All the World’s a Game

Spy Trackdown

I went up to Seattle on Saturday to get my copy of Spy Trackdown, a new game from Wild Planet‘s Spy Gear series of toys (I have to get the remote-controlled camera/tank to go with my shocking tanks).

I even got a chance to play it with my friend Jon and his son Dane, and I think a fun time was had by all, despite the fact that I won the game rather handily and that we’re all well above the age range at which the game is targeted. I guess that the hours I spent coding for the prototype engine paid off, and the developers even told me that the programmers who wrote the final version for the chip that runs the game’s electronics used my my original Flash code as their template.

In Spy Trackdown you’re one of up to four agents travelling across the world’s continents (except for Antarctica), going from city to city (referred to as “zones” in the game but associated with city names on the board). Each continent has a number of zones, ranging from about ten down to four for Australia. A “covert agent” is placed in a random zone on each continent; the “enemy mastermind” is placed randomly in an unoccupied zone anywhere in the world. All the players begin in the same randomly-chosen location.

The whole game is controlled by the Spy Phone: a device with a speaker, an ‘X’ and an ‘O’ button, and an ‘Enter’ button. There’s a little cradle on the board that the Spy Phone fits into; it has its own function in controlling how loud the speaker is and also triggers modal changes.

Spy Phone

During setup, players identify which of the four agent colors are playing (by pressing X or O) and player order is randomly assigned. A player turn consists of two code entry sequences: the player enters a four-character sequence of Xs and Os (it’s binary numbers! for kids!) then either confirms the action with the Enter key or puts in a new code to override. Zones have from one to four travel modes available (motorcycle, sports car, helicopter, jet), all to different destinations, and each mode has its own unique four-digit binary sequence, which means that as the codes are entered, the chip can keep track of where each player is.

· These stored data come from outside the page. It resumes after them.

(* For $n=4$: $\mathbb{O}_{4,0}\simeq\mathbb{O}_{2,2}$ and $\mathbb{O}_{3,1}\simeq\mathbb{O}_{1,3}$ (as graded algebras).
   Context: $\mathbb{Z}_2=\{0,1\}$. For $p+q=n\ge3$, $\mathbb{O}_{p,q}$ is the real algebra with basis $\{u_x: x\in\mathbb{Z}_2^n\}$ and product $u_x\cdot u_y=(-1)^{f(x,y)}u_{x+y}$, where $f(x,y)=\sum_{1\le i<j<k\le n}(x_ix_jy_k+x_iy_jx_k+y_ix_jx_k)+\sum_{1\le i\le j\le n}x_iy_j+\sum_{1\le i\le p}x_iy_i$. A graded isomorphism is an algebra isomorphism sending each homogeneous element (scalar multiple of some $u_x$) to a homogeneous element. *)

theory Defs
  imports Complex_Main
begin

text \<open>Elements of Z_2^n are boolean lists of length n; coordinate i (1-based in the
paper) is x ! (i-1). Elements of O_{p,q} are real coefficient functions on
Z_2^n (zero outside Z_2^n); u_x is the indicator of x.\<close>

definition Zn :: "nat \<Rightarrow> bool list set" where
  "Zn n = {x. length x = n}"

definition vadd :: "bool list \<Rightarrow> bool list \<Rightarrow> bool list" where
  "vadd x y = map2 (\<noteq>) x y"

definition bi :: "bool \<Rightarrow> nat" where
  "bi b = (if b then 1 else 0)"

definition ftw :: "nat \<Rightarrow> nat \<Rightarrow> bool list \<Rightarrow> bool list \<Rightarrow> nat" where
  "ftw p n x y =
     (\<Sum>k<n. \<Sum>j<k. \<Sum>i<j.
        bi (x!i) * bi (x!j) * bi (y!k) + bi (x!i) * bi (y!j) * bi (x!k)
        + bi (y!i) * bi (x!j) * bi (x!k))
   + (\<Sum>j<n. \<Sum>i\<le>j. bi (x!i) * bi (y!j))
   + (\<Sum>i<p. bi (x!i) * bi (y!i))"

definition Ocarrier :: "nat \<Rightarrow> (bool list \<Rightarrow> real) set" where
  "Ocarrier n = {a. \<forall>x. x \<notin> Zn n \<longrightarrow> a x = 0}"

definition ubasis :: "nat \<Rightarrow> bool list \<Rightarrow> bool list \<Rightarrow> real" where
  "ubasis n x = (\<lambda>z. if z = x then 1 else 0)"

text \<open>Product of O_{p,q}: bilinear extension of u_x u_y = (-1)^f(x,y) u_{x+y}.\<close>
definition Omult :: "nat \<Rightarrow> nat \<Rightarrow> (bool list \<Rightarrow> real) \<Rightarrow> (bool list \<Rightarrow> real) \<Rightarrow> bool list \<Rightarrow> real" where
  "Omult p q a b = (\<lambda>z. if z \<in> Zn (p+q) then
       (\<Sum>x\<in>Zn (p+q). (-1) ^ ftw p (p+q) x (vadd x z) * a x * b (vadd x z))
     else 0)"

definition homogeneous :: "nat \<Rightarrow> (bool list \<Rightarrow> real) \<Rightarrow> bool" where
  "homogeneous n a \<longleftrightarrow> (\<exists>x\<in>Zn n. \<exists>c::real. a = (\<lambda>z. c * ubasis n x z))"

definition graded_iso :: "nat \<Rightarrow> nat \<Rightarrow> nat \<Rightarrow> nat \<Rightarrow>
    ((bool list \<Rightarrow> real) \<Rightarrow> (bool list \<Rightarrow> real)) \<Rightarrow> bool" where
  "graded_iso p q p' q' \<phi> \<longleftrightarrow>
     p + q = p' + q' \<and>
     bij_betw \<phi> (Ocarrier (p+q)) (Ocarrier (p'+q')) \<and>
     (\<forall>a\<in>Ocarrier (p+q). \<forall>b\<in>Ocarrier (p+q). \<phi> (\<lambda>z. a z + b z) = (\<lambda>z. \<phi> a z + \<phi> b z)) \<and>
     (\<forall>a\<in>Ocarrier (p+q). \<forall>c::real. \<phi> (\<lambda>z. c * a z) = (\<lambda>z. c * \<phi> a z)) \<and>
     (\<forall>a\<in>Ocarrier (p+q). \<forall>b\<in>Ocarrier (p+q). \<phi> (Omult p q a b) = Omult p' q' (\<phi> a) (\<phi> b)) \<and>
     (\<forall>a\<in>Ocarrier (p+q). homogeneous (p+q) a \<longrightarrow> homogeneous (p'+q') (\<phi> a))"

definition graded_isomorphic :: "nat \<Rightarrow> nat \<Rightarrow> nat \<Rightarrow> nat \<Rightarrow> bool" where
  "graded_isomorphic p q p' q' \<longleftrightarrow> (\<exists>\<phi>. graded_iso p q p' q' \<phi>)"

end

theory Submission
  imports Defs
begin

text \<open>
  For a linear automorphism \<open>\<sigma>\<close> of \<open>\<int>\<^sub>2\<^sup>n\<close> and signs \<open>s : \<int>\<^sub>2\<^sup>n \<rightarrow> \<int>\<^sub>2\<close>, the linear map
  \<open>u\<^sub>x \<mapsto> (-1)\<^bsup>s(x)\<^esup> u\<^bsub>\<sigma>(x)\<^esub>\<close> is bijective and preserves homogeneous elements; it is
  multiplicative from \<open>O(p,q)\<close> to \<open>O(p',q')\<close> provided the twisting functions differ by the
  coboundary of \<open>s\<close>, i.e. \<open>f'(\<sigma> x, \<sigma> y) = f(x,y) + s(x) + s(y) + s(x+y)\<close> mod 2.
  For \<open>n = 4\<close> suitable \<open>\<sigma>\<close> and \<open>s\<close> are written down explicitly, and the coboundary
  condition is checked by evaluation on all 256 pairs.
\<close>

lemma Zn_eq_set_n_lists: "Zn n = set (List.n_lists n [False, True])"
  by (auto simp: Zn_def set_n_lists)

lemma vadd_in_Zn: "x \<in> Zn n \<Longrightarrow> y \<in> Zn n \<Longrightarrow> vadd x y \<in> Zn n"
  by (simp add: Zn_def vadd_def)

lemma vadd_vadd_cancel: "x \<in> Zn n \<Longrightarrow> y \<in> Zn n \<Longrightarrow> vadd x (vadd x y) = y"
  unfolding Zn_def vadd_def by (auto intro!: nth_equalityI)

lemma minus_one_power_coboundary:
  fixes a b c d e :: nat
  assumes "even (a + b + c + d + e)"
  shows "(-1::real) ^ a * (-1) ^ c * (-1) ^ d = (-1) ^ e * (-1) ^ b"
  using assms by (auto simp: minus_one_power_iff power_add[symmetric])

definition twists_cohomologous ::
    "nat \<Rightarrow> nat \<Rightarrow> nat \<Rightarrow> (bool list \<Rightarrow> bool list) \<Rightarrow> (bool list \<Rightarrow> bool) \<Rightarrow> bool"
  where "twists_cohomologous p p' n \<sigma> s \<longleftrightarrow> (\<forall>x\<in>Zn n. \<forall>y\<in>Zn n.
    even (ftw p' n (\<sigma> x) (\<sigma> y) + ftw p n x y + bi (s x) + bi (s y) + bi (s (vadd x y))))"

definition relabel ::
    "nat \<Rightarrow> (bool list \<Rightarrow> bool list) \<Rightarrow> (bool list \<Rightarrow> bool) \<Rightarrow> (bool list \<Rightarrow> real) \<Rightarrow> bool list \<Rightarrow> real"
  where "relabel n \<sigma> s a z =
    (if z \<in> Zn n then (-1) ^ bi (s (inv_into (Zn n) \<sigma> z)) * a (inv_into (Zn n) \<sigma> z) else 0)"

context
  fixes n :: nat and \<sigma> :: "bool list \<Rightarrow> bool list" and s :: "bool list \<Rightarrow> bool"
  assumes bij: "bij_betw \<sigma> (Zn n) (Zn n)"
begin

lemma relabel_apply: "x \<in> Zn n \<Longrightarrow> relabel n \<sigma> s a (\<sigma> x) = (-1) ^ bi (s x) * a x"
  using bij by (simp add: relabel_def bij_betw_apply bij_betw_inv_into_left)

lemma relabel_cases:
  obtains w where "w \<in> Zn n" "z = \<sigma> w" | "z \<notin> Zn n" "relabel n \<sigma> s a z = 0"
  using bij by (metis bij_betw_imp_surj_on imageE relabel_def)

lemma relabel_eqI:
  assumes "\<And>x. x \<in> Zn n \<Longrightarrow> b (\<sigma> x) = (-1) ^ bi (s x) * a x" and "b \<in> Ocarrier n"
  shows "relabel n \<sigma> s a = b"
proof
  fix z
  show "relabel n \<sigma> s a z = b z"
    by (cases z rule: relabel_cases[where a = a]) (use assms in \<open>auto simp: relabel_apply Ocarrier_def\<close>)
qed

lemma bij_betw_relabel: "bij_betw (relabel n \<sigma> s) (Ocarrier n) (Ocarrier n)"
proof (rule bij_betw_byWitness[where f' = "\<lambda>b x. if x \<in> Zn n then (-1) ^ bi (s x) * b (\<sigma> x) else 0"])
  have sign_sq: "(-1::real) ^ bi b * (-1) ^ bi b = 1" for b
    by (simp add: power_add[symmetric])
  show "\<forall>a\<in>Ocarrier n. (\<lambda>x. if x \<in> Zn n then (-1) ^ bi (s x) * relabel n \<sigma> s a (\<sigma> x) else 0) = a"
    by (auto simp: relabel_apply sign_sq mult.assoc[symmetric] Ocarrier_def)
  show "\<forall>b\<in>Ocarrier n. relabel n \<sigma> s (\<lambda>x. if x \<in> Zn n then (-1) ^ bi (s x) * b (\<sigma> x) else 0) = b"
    using bij by (auto intro!: relabel_eqI simp: sign_sq mult.assoc[symmetric] bij_betw_apply)
qed (auto simp: relabel_def Ocarrier_def)

lemma homogeneous_relabel:
  assumes "homogeneous n a"
  shows "homogeneous n (relabel n \<sigma> s a)"
proof -
  obtain x c where x: "x \<in> Zn n" and a: "a = (\<lambda>z. c * ubasis n x z)"
    using assms unfolding homogeneous_def by blast
  have "relabel n \<sigma> s a = (\<lambda>z. ((-1) ^ bi (s x) * c) * ubasis n (\<sigma> x) z)"
    using x bij_betw_apply[OF bij] by (intro relabel_eqI)
      (auto simp: a ubasis_def Ocarrier_def dest: inj_onD[OF bij_betw_imp_inj_on[OF bij]])
  then show ?thesis
    using x bij unfolding homogeneous_def by (blast intro: bij_betw_apply)
qed

lemma relabel_Omult:
  assumes dims: "p + q = n" "p' + q' = n"
    and lin: "\<forall>x\<in>Zn n. \<forall>y\<in>Zn n. \<sigma> (vadd x y) = vadd (\<sigma> x) (\<sigma> y)"
    and coboundary: "twists_cohomologous p p' n \<sigma> s"
  shows "relabel n \<sigma> s (Omult p q a b) = Omult p' q' (relabel n \<sigma> s a) (relabel n \<sigma> s b)"
proof (rule relabel_eqI)
  show "Omult p' q' (relabel n \<sigma> s a) (relabel n \<sigma> s b) \<in> Ocarrier n"
    using dims by (simp add: Omult_def Ocarrier_def)
next
  fix w assume w: "w \<in> Zn n"
  have "Omult p' q' (relabel n \<sigma> s a) (relabel n \<sigma> s b) (\<sigma> w) =
      (\<Sum>x'\<in>Zn n. (-1) ^ ftw p' n x' (vadd x' (\<sigma> w))
                  * relabel n \<sigma> s a x' * relabel n \<sigma> s b (vadd x' (\<sigma> w)))"
    using dims w bij by (simp add: Omult_def bij_betw_apply)
  also have "\<dots> = (\<Sum>x\<in>Zn n. (-1) ^ ftw p' n (\<sigma> x) (vadd (\<sigma> x) (\<sigma> w))
                  * relabel n \<sigma> s a (\<sigma> x) * relabel n \<sigma> s b (vadd (\<sigma> x) (\<sigma> w)))"
    by (rule sum.reindex_bij_betw[OF bij, symmetric])
  also have "\<dots> = (\<Sum>x\<in>Zn n. (-1) ^ bi (s w) * ((-1) ^ ftw p n x (vadd x w) * a x * b (vadd x w)))"
  proof (rule sum.cong[OF refl])
    fix x assume x: "x \<in> Zn n"
    have xw: "vadd x w \<in> Zn n" and "vadd x (vadd x w) = w"
      using x w by (simp_all add: vadd_in_Zn vadd_vadd_cancel)
    then have sign: "(-1::real) ^ ftw p' n (\<sigma> x) (\<sigma> (vadd x w)) * (-1) ^ bi (s x) * (-1) ^ bi (s (vadd x w))
        = (-1) ^ bi (s w) * (-1) ^ ftw p n x (vadd x w)"
      using coboundary x unfolding twists_cohomologous_def by (metis minus_one_power_coboundary)
    have "vadd (\<sigma> x) (\<sigma> w) = \<sigma> (vadd x w)"
      using lin x w by simp
    then have "(-1) ^ ftw p' n (\<sigma> x) (vadd (\<sigma> x) (\<sigma> w)) * relabel n \<sigma> s a (\<sigma> x)
          * relabel n \<sigma> s b (vadd (\<sigma> x) (\<sigma> w))
        = ((-1) ^ ftw p' n (\<sigma> x) (\<sigma> (vadd x w)) * (-1) ^ bi (s x) * (-1) ^ bi (s (vadd x w)))
          * a x * b (vadd x w)"
      using x xw by (simp add: relabel_apply mult_ac)
    also have "\<dots> = (-1) ^ bi (s w) * ((-1) ^ ftw p n x (vadd x w) * a x * b (vadd x w))"
      unfolding sign by (simp add: mult_ac)
    finally show "(-1) ^ ftw p' n (\<sigma> x) (vadd (\<sigma> x) (\<sigma> w)) * relabel n \<sigma> s a (\<sigma> x)
          * relabel n \<sigma> s b (vadd (\<sigma> x) (\<sigma> w))
        = (-1) ^ bi (s w) * ((-1) ^ ftw p n x (vadd x w) * a x * b (vadd x w))" .
  qed
  also have "\<dots> = (-1) ^ bi (s w) * Omult p q a b w"
    using dims w by (simp add: Omult_def sum_distrib_left)
  finally show "Omult p' q' (relabel n \<sigma> s a) (relabel n \<sigma> s b) (\<sigma> w) = (-1) ^ bi (s w) * Omult p q a b w" .
qed

lemma graded_isomorphic_by_relabel:
  assumes "p + q = n" "p' + q' = n"
    and "\<forall>x\<in>Zn n. \<forall>y\<in>Zn n. \<sigma> (vadd x y) = vadd (\<sigma> x) (\<sigma> y)"
    and "twists_cohomologous p p' n \<sigma> s"
  shows "graded_isomorphic p q p' q'"
proof -
  have "relabel n \<sigma> s (\<lambda>z. a z + b z) = (\<lambda>z. relabel n \<sigma> s a z + relabel n \<sigma> s b z)" for a b
    by (auto simp: relabel_def distrib_left)
  moreover have "relabel n \<sigma> s (\<lambda>z. c * a z) = (\<lambda>z. c * relabel n \<sigma> s a z)" for c a
    by (auto simp: relabel_def)
  ultimately have "graded_iso p q p' q' (relabel n \<sigma> s)"
    using assms by (simp add: graded_iso_def bij_betw_relabel relabel_Omult homogeneous_relabel)
  then show ?thesis
    unfolding graded_isomorphic_def by blast
qed

end

definition relabel_O40_O22 :: "bool list \<Rightarrow> bool list" where
  "relabel_O40_O22 x = [x!3, (x!0 \<noteq> x!1) \<noteq> x!2, x!2, x!1]"

definition sign_O40_O22 :: "bool list \<Rightarrow> bool" where
  "sign_O40_O22 x = (x \<in> set [[True, False, False, True], [False, True, True, False],
     [True, True, True, False], [True, True, False, True], [True, False, True, True],
     [False, True, True, True]])"

definition relabel_O31_O13 :: "bool list \<Rightarrow> bool list" where
  "relabel_O31_O13 x = [(x!0 \<noteq> x!1) \<noteq> x!2, x!3, x!2, x!1]"

definition sign_O31_O13 :: "bool list \<Rightarrow> bool" where
  "sign_O31_O13 x = (x \<in> set [[False, False, True, True], [False, True, False, True],
     [False, True, True, False], [False, True, True, True], [True, False, True, True],
     [True, True, False, True], [True, True, True, False], [True, True, True, True]])"

theorem mainTheorem5:
  shows "graded_isomorphic 4 0 2 2 \<and> graded_isomorphic 3 1 1 3"
proof
  show "graded_isomorphic 4 0 2 2"
    by (rule graded_isomorphic_by_relabel[where n = 4 and \<sigma> = relabel_O40_O22 and s = sign_O40_O22])
      (unfold twists_cohomologous_def Zn_eq_set_n_lists, code_simp+)
  show "graded_isomorphic 3 1 1 3"
    by (rule graded_isomorphic_by_relabel[where n = 4 and \<sigma> = relabel_O31_O13 and s = sign_O31_O13])
      (unfold twists_cohomologous_def Zn_eq_set_n_lists, code_simp+)
qed

end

Most of the time, the Spy Phone is in its cradle and the instructions and information it reads out can be heard by anyone, but when a player ends their turn, the Spy Phone tells them to pick up the phone and press Enter to hear their secret messages. Most of the time, all the player hears is the shortest number of zones separating them from the covert agent on their current continent. By triangulating (and sheer dumb luck) the player can figure out how to end their turn in the covert agent’s zone. The first player to end their turn on a covert agent zone on that continent is entitled to four Covert Action cards; the next player there gets three, and so on. The catch is that they don’t get the cards immediately, they only get cards when they leave the continent.

The Covert Action cards themselves have other codes on them, giving players the ability to set traps (which lets them steal cards from other players), take extra turns, find out how far away the mastermind is, what direction the mastermind is, and to capture the mastermind. Capturing the mastermind wins the game.

All in all, a pretty nice game of logic and luck, based on a great concept by some folks I’d last worked with ten years ago. I wrote a little ActionScript A* path-finding algorithm that ended up getting replaced by lookup tables in the chip version (because the chip didn’t have the processing power to do the path-finding). The prototype had voice fragments that I could string together and generate sentences which the final version does as well. I’m proud of the way the whole project went.